Supervised Chain of Thought
- URL: http://arxiv.org/abs/2410.14198v1
- Date: Fri, 18 Oct 2024 06:25:27 GMT
- Title: Supervised Chain of Thought
- Authors: Xiang Zhang, Dujian Ding,
- Abstract summary: Chain of Thought (CoT) prompting offers a promising approach to solving complex reasoning tasks.
One-prompt-for-all approach poses significant challenges for models to generate the correct reasoning steps.
We show how task-specific supervision is essential for navigating the prompt space accurately and achieving optimal performance.

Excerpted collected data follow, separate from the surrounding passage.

lemma dist_le_dK:
  assumes "f \<in> Cod X M d" "g \<in> Cod X M d" "compactin X K" "K \<subseteq> dom f" "K \<subseteq> dom g"
    and "x \<in> K"
  shows "d (the (f x)) (the (g x)) \<le> dK d K f g"
  unfolding dK_def using bdd_above_dist_Cod[OF assms(1-5)] assms(6) by (rule cSUP_upper2) auto

lemma dK_self:
  assumes "f \<in> Cod X M d" "K \<subseteq> dom f" "K \<noteq> {}"
  shows "dK d K f f = 0"
proof -
  have "dK d K f f = (SUP x\<in>K. 0)"
    unfolding dK_def using assms(2) Cod_in_mspace[OF assms(1)] by (intro SUP_cong) (auto simp: subset_iff)
  then show ?thesis using assms(3) by simp
qed

lemma openin_tau_co_co_sub:
  assumes "compactin X K" "openin mtopology V"
  shows "openin (tau_co X M d) (co_sub X M d K V)"
  unfolding tau_co_def using assms by (intro topology_generated_by_Basis) blast

lemma openin_tau_co_Cod: "openin (tau_co X M d) (Cod X M d)"
proof -
  have "co_sub X M d {} {} = Cod X M d" unfolding co_sub_def by auto
  then show ?thesis by (metis openin_tau_co_co_sub compactin_empty openin_empty)
qed

lemma openin_tau_cc_Cod: "openin (tau_cc X M d) (Cod X M d)"
  unfolding tau_cc_def by (rule topology_generated_by_Basis) simp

- Score: 5.389461633686935
- License:
- Abstract: Large Language Models (LLMs) have revolutionized natural language processing and hold immense potential for advancing Artificial Intelligence. However, the core architecture of most mainstream LLMs -- the Transformer -- has inherent limitations in computational depth, rendering them theoretically incapable of solving many reasoning tasks that demand increasingly deep computations. Chain of Thought (CoT) prompting has emerged as a technique to address these architectural limitations, as evidenced by several theoretical studies. It offers a promising approach to solving complex reasoning tasks that were previously beyond the capabilities of these models. Despite its successes, CoT and its variants (such as Tree of Thought, Graph of Thought, etc.) rely on a "one-prompt-for-all" approach, using a single prompt structure (e.g., "think step by step") for a wide range of tasks -- from counting and sorting to solving mathematical and algorithmic problems. This approach poses significant challenges for models to generate the correct reasoning steps, as the model must navigate through a vast prompt template space to find the appropriate template for each task. In this work, we build upon previous theoretical analyses of CoT to demonstrate how the one-prompt-for-all approach can negatively affect the computability of LLMs. We partition the solution search space into two: the prompt space and the answer space. Our findings show that task-specific supervision is essential for navigating the prompt space accurately and achieving optimal performance. Through experiments with state-of-the-art LLMs, we reveal a gap in reasoning performance when supervision is applied versus when it is not.